(The data begins)
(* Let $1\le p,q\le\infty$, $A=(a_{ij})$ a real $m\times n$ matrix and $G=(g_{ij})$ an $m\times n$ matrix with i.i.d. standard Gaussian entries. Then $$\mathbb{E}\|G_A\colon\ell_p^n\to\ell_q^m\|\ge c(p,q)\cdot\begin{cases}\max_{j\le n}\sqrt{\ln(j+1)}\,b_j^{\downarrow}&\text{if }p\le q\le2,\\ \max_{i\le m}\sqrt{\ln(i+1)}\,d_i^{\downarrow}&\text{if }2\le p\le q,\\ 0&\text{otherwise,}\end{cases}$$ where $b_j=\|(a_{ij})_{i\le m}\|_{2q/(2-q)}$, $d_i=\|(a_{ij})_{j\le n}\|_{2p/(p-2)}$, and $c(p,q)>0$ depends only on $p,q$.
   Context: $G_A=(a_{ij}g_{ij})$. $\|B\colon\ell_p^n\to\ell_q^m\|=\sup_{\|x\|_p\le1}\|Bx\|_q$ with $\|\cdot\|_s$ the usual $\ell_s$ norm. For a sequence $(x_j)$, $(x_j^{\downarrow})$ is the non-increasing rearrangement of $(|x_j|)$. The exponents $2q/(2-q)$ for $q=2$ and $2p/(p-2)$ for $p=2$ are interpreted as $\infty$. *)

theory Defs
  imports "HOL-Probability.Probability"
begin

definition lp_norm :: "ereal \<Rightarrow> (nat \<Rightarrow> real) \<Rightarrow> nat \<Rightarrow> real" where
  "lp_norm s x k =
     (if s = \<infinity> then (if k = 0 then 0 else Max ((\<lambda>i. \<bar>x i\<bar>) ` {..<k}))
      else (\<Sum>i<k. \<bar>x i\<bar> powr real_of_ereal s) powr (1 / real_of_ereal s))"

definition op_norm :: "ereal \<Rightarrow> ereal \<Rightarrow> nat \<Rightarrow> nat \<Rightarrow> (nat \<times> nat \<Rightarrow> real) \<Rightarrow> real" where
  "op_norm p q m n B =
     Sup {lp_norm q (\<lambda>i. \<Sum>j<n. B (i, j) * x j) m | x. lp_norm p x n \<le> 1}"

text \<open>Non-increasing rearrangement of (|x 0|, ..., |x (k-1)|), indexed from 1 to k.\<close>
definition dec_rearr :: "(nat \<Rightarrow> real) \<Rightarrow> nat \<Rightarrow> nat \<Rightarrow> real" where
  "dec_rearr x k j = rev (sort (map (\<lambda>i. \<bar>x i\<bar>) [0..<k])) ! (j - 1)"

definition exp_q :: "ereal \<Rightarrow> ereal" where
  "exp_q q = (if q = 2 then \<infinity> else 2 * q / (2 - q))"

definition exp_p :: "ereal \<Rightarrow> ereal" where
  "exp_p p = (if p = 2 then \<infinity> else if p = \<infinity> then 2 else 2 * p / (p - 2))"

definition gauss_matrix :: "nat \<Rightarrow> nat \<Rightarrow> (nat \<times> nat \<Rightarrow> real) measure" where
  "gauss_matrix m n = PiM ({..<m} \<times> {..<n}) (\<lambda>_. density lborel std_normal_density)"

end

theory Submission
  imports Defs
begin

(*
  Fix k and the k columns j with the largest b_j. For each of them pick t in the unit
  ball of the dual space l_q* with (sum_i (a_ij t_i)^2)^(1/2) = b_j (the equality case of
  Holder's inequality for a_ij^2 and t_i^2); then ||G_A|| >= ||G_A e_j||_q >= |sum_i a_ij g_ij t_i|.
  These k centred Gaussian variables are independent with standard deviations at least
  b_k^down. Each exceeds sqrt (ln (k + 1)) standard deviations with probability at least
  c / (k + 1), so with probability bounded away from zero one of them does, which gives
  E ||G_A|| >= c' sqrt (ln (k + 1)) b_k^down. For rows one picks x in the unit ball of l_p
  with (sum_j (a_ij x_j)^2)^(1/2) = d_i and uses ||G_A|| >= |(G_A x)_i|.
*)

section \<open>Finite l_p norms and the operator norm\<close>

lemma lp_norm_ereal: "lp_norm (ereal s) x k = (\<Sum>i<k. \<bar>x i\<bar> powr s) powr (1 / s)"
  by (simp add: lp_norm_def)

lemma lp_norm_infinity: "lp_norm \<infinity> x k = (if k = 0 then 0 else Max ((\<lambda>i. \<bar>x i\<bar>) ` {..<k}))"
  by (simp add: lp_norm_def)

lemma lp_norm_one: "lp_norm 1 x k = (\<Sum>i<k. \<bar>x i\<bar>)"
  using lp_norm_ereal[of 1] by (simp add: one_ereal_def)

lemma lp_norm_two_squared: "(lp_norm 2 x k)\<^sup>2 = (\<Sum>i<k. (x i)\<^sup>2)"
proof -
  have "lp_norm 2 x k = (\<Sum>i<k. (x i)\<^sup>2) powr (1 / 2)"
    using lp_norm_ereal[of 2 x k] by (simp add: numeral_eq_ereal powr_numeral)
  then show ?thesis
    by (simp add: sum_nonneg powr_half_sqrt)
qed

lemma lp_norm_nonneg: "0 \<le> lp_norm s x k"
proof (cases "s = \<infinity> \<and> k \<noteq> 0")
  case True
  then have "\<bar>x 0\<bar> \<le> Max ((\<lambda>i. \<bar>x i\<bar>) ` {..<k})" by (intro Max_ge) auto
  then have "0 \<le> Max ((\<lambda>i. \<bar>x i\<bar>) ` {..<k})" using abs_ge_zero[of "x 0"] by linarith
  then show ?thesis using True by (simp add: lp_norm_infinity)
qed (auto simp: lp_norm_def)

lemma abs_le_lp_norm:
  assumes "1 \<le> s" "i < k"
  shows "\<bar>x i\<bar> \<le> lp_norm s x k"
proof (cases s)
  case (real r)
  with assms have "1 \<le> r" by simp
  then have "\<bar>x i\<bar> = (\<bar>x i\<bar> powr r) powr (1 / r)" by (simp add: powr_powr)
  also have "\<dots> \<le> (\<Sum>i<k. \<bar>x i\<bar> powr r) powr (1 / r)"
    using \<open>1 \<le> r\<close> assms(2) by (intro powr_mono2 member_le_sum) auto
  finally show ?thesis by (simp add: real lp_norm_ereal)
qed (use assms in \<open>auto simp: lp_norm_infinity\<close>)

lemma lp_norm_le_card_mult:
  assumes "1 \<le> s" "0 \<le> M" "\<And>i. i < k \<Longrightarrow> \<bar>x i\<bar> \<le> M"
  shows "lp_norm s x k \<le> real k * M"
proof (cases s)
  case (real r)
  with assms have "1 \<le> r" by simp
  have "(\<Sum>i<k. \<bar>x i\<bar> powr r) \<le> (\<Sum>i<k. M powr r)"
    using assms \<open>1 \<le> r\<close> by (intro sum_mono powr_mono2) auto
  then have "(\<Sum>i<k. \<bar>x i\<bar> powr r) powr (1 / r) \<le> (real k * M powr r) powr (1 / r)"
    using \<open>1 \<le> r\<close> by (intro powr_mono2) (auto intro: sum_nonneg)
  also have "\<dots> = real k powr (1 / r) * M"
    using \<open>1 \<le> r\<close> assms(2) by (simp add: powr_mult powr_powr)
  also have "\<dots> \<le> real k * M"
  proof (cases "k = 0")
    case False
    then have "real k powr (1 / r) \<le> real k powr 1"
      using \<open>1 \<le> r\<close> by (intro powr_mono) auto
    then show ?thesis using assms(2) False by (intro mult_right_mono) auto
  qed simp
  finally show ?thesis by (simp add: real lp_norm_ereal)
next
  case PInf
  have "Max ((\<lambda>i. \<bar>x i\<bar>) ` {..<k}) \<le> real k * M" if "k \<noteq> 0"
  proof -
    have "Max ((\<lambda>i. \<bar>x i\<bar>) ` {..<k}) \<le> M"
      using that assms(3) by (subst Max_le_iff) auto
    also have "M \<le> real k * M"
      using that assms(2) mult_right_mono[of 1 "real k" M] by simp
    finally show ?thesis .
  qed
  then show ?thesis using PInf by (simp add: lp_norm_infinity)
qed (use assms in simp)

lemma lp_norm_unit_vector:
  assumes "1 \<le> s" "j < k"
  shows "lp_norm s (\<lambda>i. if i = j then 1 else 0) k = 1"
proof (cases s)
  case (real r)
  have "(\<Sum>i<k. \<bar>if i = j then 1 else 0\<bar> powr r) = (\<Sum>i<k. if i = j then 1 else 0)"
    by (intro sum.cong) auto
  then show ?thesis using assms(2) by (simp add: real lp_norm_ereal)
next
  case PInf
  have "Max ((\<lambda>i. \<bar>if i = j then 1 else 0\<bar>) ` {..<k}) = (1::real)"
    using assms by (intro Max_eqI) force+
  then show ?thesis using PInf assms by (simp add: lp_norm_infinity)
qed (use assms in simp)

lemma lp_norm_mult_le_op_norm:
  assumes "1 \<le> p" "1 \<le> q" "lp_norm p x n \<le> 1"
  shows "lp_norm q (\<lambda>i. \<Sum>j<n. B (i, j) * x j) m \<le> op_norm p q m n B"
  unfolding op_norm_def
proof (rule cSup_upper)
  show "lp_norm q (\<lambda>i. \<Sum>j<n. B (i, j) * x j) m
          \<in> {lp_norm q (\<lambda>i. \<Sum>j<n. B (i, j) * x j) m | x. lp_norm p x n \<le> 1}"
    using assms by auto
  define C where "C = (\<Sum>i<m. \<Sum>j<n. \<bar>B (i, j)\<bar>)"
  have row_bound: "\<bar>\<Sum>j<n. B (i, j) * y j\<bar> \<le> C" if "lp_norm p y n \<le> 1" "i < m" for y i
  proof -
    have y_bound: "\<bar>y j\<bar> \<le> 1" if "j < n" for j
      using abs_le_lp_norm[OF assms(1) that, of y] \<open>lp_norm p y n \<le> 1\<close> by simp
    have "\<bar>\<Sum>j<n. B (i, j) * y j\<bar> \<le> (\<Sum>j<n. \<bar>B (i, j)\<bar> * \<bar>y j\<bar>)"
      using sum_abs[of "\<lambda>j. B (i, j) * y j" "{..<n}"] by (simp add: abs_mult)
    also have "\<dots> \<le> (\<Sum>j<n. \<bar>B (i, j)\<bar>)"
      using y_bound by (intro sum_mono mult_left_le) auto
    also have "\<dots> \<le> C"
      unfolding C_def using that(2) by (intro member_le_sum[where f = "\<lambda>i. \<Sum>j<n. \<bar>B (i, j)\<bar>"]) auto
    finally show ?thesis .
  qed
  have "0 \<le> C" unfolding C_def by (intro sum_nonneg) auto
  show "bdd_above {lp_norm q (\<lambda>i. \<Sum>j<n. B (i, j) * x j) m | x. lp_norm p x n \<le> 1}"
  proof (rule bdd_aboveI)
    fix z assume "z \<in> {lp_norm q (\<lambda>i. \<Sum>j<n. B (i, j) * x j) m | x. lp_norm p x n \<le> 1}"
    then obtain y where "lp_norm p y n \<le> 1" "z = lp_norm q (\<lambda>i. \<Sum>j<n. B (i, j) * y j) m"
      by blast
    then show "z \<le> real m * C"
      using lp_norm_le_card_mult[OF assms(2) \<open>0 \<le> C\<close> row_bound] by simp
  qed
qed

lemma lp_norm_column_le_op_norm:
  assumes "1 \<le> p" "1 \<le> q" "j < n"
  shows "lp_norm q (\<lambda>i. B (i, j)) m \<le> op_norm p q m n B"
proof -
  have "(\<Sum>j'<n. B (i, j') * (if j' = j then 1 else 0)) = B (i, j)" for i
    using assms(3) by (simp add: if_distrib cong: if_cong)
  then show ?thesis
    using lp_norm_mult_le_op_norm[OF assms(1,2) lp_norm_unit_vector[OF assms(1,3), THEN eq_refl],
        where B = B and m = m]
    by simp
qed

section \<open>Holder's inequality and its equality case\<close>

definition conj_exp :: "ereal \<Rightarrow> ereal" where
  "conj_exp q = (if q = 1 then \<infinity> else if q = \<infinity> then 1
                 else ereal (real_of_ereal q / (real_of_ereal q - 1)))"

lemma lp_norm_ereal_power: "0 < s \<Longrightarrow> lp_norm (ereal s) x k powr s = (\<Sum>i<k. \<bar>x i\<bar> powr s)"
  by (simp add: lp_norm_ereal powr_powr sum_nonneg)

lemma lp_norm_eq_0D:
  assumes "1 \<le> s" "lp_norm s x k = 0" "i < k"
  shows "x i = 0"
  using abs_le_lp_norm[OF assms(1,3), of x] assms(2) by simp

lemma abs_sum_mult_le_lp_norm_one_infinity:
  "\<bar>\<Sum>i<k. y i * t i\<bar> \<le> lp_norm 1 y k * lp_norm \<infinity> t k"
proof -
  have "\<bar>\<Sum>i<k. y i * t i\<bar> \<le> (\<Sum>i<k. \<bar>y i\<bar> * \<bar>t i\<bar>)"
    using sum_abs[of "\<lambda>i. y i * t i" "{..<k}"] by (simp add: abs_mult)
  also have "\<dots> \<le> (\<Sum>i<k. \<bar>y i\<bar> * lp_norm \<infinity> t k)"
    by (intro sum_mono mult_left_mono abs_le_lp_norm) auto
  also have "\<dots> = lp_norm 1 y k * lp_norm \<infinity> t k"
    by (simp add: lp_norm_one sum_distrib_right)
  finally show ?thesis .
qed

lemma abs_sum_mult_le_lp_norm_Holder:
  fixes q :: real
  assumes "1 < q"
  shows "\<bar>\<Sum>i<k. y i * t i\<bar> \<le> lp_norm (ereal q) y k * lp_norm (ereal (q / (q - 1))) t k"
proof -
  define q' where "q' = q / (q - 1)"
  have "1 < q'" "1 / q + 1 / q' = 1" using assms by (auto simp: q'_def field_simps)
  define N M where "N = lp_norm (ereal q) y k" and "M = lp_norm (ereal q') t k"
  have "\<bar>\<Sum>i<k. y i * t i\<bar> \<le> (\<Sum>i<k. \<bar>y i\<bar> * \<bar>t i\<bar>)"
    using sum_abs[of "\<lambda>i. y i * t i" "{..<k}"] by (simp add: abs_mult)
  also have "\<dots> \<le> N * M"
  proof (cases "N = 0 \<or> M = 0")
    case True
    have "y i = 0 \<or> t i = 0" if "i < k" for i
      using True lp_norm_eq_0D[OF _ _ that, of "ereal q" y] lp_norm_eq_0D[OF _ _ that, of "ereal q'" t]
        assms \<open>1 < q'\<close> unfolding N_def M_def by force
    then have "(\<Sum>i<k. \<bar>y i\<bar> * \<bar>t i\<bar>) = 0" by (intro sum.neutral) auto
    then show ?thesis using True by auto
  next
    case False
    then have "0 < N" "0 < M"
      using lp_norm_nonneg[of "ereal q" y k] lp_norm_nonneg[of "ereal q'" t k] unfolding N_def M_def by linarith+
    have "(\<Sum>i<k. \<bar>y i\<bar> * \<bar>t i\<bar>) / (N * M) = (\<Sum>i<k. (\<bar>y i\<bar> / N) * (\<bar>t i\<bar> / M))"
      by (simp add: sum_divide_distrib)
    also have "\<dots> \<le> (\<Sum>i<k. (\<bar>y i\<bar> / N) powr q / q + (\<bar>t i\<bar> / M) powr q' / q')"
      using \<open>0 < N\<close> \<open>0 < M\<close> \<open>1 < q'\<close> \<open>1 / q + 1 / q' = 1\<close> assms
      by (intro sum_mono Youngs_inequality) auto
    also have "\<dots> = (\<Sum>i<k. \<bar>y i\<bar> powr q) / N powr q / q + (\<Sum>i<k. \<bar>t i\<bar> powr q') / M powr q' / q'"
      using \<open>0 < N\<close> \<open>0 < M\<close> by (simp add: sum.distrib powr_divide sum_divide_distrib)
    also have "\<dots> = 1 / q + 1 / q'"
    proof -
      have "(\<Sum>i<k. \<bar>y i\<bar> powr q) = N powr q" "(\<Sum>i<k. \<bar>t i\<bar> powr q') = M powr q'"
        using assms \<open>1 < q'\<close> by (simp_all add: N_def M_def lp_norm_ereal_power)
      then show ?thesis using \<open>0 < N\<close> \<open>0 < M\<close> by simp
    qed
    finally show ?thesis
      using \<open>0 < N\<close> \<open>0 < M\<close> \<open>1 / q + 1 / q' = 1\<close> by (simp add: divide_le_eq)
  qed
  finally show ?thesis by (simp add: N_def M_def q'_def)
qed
(The data ends)
Find the line with "by (simp add: lp_norm_one" in the material above. Reproduce it and each line after it up to and including the line with "by (simp add: sum_divide_distrib)".

● Solution to this task:
    by (simp add: lp_norm_one sum_distrib_right)
  finally show ?thesis .
qed

lemma abs_sum_mult_le_lp_norm_Holder:
  fixes q :: real
  assumes "1 < q"
  shows "\<bar>\<Sum>i<k. y i * t i\<bar> \<le> lp_norm (ereal q) y k * lp_norm (ereal (q / (q - 1))) t k"
proof -
  define q' where "q' = q / (q - 1)"
  have "1 < q'" "1 / q + 1 / q' = 1" using assms by (auto simp: q'_def field_simps)
  define N M where "N = lp_norm (ereal q) y k" and "M = lp_norm (ereal q') t k"
  have "\<bar>\<Sum>i<k. y i * t i\<bar> \<le> (\<Sum>i<k. \<bar>y i\<bar> * \<bar>t i\<bar>)"
    using sum_abs[of "\<lambda>i. y i * t i" "{..<k}"] by (simp add: abs_mult)
  also have "\<dots> \<le> N * M"
  proof (cases "N = 0 \<or> M = 0")
    case True
    have "y i = 0 \<or> t i = 0" if "i < k" for i
      using True lp_norm_eq_0D[OF _ _ that, of "ereal q" y] lp_norm_eq_0D[OF _ _ that, of "ereal q'" t]
        assms \<open>1 < q'\<close> unfolding N_def M_def by force
    then have "(\<Sum>i<k. \<bar>y i\<bar> * \<bar>t i\<bar>) = 0" by (intro sum.neutral) auto
    then show ?thesis using True by auto
  next
    case False
    then have "0 < N" "0 < M"
      using lp_norm_nonneg[of "ereal q" y k] lp_norm_nonneg[of "ereal q'" t k] unfolding N_def M_def by linarith+
    have "(\<Sum>i<k. \<bar>y i\<bar> * \<bar>t i\<bar>) / (N * M) = (\<Sum>i<k. (\<bar>y i\<bar> / N) * (\<bar>t i\<bar> / M))"
      by (simp add: sum_divide_distrib)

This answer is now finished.